* [AVAILABLE DATA]:
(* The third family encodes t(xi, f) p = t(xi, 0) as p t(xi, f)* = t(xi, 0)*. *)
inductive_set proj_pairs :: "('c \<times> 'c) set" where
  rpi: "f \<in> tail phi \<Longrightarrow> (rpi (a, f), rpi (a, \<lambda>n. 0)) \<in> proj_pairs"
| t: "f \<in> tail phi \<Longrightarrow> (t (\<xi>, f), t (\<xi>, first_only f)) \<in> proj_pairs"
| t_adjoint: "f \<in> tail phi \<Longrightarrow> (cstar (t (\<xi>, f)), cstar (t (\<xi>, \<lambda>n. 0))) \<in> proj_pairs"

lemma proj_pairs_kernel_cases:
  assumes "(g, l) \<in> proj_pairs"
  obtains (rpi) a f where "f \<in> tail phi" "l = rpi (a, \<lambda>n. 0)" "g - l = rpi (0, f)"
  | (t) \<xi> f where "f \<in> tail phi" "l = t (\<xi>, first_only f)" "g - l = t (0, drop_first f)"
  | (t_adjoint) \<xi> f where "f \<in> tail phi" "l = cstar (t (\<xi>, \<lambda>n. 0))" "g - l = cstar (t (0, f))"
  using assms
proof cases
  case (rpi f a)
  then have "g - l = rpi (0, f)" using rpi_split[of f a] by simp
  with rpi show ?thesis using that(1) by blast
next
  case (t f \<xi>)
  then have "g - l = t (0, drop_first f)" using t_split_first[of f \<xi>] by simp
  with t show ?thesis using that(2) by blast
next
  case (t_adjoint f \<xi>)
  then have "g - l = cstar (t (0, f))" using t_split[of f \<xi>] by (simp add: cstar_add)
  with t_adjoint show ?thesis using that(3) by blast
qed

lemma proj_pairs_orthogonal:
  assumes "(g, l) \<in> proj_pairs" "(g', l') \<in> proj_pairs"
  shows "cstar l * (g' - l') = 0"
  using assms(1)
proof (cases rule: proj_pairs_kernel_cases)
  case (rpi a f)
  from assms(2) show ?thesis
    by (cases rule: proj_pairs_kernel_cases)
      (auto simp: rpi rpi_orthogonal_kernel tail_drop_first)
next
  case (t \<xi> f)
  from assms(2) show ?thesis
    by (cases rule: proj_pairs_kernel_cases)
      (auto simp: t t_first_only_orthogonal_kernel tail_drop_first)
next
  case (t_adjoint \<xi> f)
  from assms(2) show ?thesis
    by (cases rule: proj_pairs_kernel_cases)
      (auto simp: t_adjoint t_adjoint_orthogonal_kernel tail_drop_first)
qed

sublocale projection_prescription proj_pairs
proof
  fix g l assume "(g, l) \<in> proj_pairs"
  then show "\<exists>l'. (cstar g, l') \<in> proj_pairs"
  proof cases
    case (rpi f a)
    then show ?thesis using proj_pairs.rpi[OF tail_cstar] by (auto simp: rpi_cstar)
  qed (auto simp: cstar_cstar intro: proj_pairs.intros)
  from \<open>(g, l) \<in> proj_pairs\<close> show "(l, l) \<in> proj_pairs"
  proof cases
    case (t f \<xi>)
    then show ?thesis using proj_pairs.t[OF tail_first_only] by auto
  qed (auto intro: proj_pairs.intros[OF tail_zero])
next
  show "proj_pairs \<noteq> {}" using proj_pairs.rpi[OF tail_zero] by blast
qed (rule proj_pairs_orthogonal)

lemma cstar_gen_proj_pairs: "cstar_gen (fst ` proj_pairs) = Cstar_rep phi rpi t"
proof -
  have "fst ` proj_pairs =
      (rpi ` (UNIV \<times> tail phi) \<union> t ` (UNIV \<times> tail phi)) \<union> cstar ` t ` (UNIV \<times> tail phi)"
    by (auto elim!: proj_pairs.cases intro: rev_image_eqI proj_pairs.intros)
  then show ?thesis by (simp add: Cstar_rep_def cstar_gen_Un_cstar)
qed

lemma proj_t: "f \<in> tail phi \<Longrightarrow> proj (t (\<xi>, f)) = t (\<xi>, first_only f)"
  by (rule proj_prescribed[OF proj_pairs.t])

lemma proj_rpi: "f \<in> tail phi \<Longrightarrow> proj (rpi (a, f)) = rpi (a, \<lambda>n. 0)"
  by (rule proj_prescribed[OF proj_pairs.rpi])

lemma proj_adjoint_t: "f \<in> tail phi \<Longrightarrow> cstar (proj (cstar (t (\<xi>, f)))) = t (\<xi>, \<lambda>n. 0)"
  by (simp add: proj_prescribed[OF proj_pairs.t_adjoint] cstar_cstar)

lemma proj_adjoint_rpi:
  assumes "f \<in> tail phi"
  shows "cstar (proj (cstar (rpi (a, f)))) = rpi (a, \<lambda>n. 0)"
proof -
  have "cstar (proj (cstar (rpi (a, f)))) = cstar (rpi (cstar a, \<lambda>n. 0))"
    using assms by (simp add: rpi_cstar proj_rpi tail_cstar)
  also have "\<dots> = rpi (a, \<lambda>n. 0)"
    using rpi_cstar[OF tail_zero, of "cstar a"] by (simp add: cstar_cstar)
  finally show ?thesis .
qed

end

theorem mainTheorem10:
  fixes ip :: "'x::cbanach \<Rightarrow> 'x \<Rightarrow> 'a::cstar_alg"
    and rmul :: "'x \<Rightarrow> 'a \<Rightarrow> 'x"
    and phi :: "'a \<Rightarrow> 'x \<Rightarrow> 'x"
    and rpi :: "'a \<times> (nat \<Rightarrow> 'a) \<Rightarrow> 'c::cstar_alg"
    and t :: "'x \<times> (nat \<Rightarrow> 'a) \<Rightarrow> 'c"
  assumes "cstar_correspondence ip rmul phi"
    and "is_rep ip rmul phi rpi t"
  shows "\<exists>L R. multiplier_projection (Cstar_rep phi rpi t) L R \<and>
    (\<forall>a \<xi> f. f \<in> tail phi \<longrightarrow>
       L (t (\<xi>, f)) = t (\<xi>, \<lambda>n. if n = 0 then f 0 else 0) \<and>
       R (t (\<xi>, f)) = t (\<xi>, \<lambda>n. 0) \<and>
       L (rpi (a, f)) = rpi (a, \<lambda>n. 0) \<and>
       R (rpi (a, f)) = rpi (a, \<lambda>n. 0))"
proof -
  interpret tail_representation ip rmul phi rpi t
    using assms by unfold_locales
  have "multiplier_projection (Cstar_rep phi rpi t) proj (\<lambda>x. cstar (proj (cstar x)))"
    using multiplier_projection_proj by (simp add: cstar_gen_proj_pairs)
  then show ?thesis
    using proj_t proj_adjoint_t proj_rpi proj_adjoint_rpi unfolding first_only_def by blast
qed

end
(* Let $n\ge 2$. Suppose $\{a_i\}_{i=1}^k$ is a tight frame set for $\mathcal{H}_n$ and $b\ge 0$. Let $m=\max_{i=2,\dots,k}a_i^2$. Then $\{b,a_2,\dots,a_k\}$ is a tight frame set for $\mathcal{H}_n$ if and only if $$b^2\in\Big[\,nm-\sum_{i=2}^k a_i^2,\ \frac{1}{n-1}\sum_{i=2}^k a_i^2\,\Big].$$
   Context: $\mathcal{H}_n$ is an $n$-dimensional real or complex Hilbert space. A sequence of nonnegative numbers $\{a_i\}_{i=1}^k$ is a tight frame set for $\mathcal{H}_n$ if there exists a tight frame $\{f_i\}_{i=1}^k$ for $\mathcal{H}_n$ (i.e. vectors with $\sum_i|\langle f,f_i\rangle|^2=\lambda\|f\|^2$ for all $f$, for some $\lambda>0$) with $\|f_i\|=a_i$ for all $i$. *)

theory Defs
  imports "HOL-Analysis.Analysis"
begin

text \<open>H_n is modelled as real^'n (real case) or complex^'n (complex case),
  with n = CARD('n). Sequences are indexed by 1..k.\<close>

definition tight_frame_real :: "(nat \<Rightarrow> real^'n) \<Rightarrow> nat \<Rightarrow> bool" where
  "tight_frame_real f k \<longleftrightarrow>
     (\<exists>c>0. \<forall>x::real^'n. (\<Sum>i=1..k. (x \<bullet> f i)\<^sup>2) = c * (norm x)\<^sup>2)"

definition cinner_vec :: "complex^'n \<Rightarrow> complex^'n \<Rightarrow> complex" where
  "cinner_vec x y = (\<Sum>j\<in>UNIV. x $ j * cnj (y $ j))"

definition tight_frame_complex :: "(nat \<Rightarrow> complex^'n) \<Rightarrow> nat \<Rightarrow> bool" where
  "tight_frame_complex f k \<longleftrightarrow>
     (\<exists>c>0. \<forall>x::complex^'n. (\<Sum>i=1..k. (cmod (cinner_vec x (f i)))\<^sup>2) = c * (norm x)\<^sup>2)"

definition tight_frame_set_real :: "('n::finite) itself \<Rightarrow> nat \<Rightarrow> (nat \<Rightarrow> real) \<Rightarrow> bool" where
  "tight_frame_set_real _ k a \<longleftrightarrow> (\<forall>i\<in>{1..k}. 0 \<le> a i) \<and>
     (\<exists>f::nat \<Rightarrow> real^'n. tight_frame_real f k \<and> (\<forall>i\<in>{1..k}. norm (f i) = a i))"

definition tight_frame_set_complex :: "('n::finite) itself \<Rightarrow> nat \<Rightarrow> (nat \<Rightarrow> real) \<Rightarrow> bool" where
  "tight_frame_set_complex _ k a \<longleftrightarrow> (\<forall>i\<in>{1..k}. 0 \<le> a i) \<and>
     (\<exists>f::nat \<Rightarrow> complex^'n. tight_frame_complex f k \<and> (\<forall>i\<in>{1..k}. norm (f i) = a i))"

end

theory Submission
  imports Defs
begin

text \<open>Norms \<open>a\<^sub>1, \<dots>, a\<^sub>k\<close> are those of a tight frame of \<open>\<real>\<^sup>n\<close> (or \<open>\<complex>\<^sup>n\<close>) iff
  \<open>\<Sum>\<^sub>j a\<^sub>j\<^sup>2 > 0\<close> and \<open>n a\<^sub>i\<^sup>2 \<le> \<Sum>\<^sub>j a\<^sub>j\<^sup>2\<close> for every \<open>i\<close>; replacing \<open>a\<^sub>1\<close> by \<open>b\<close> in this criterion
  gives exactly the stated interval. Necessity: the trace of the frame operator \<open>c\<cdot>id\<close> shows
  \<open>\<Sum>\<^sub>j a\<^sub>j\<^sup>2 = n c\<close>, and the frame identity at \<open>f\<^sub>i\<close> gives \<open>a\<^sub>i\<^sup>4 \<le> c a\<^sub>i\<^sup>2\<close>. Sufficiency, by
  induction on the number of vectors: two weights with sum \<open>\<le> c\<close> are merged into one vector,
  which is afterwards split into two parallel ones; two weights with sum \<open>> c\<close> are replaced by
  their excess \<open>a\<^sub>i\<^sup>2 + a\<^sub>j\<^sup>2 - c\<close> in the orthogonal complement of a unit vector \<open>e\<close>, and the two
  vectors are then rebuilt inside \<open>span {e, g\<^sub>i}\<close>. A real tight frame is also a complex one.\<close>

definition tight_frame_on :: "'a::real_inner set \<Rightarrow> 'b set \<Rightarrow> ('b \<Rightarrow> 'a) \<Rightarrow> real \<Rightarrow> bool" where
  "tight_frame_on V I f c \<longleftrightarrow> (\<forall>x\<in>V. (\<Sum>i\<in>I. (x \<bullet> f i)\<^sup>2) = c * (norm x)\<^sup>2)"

* [WHAT YOU ARE ASKED TO DO]:
The required reply is the count of lines in the entries above where the string "intro" appears, and nothing more.

* [ANSWER TO THE PROBLEM]:
3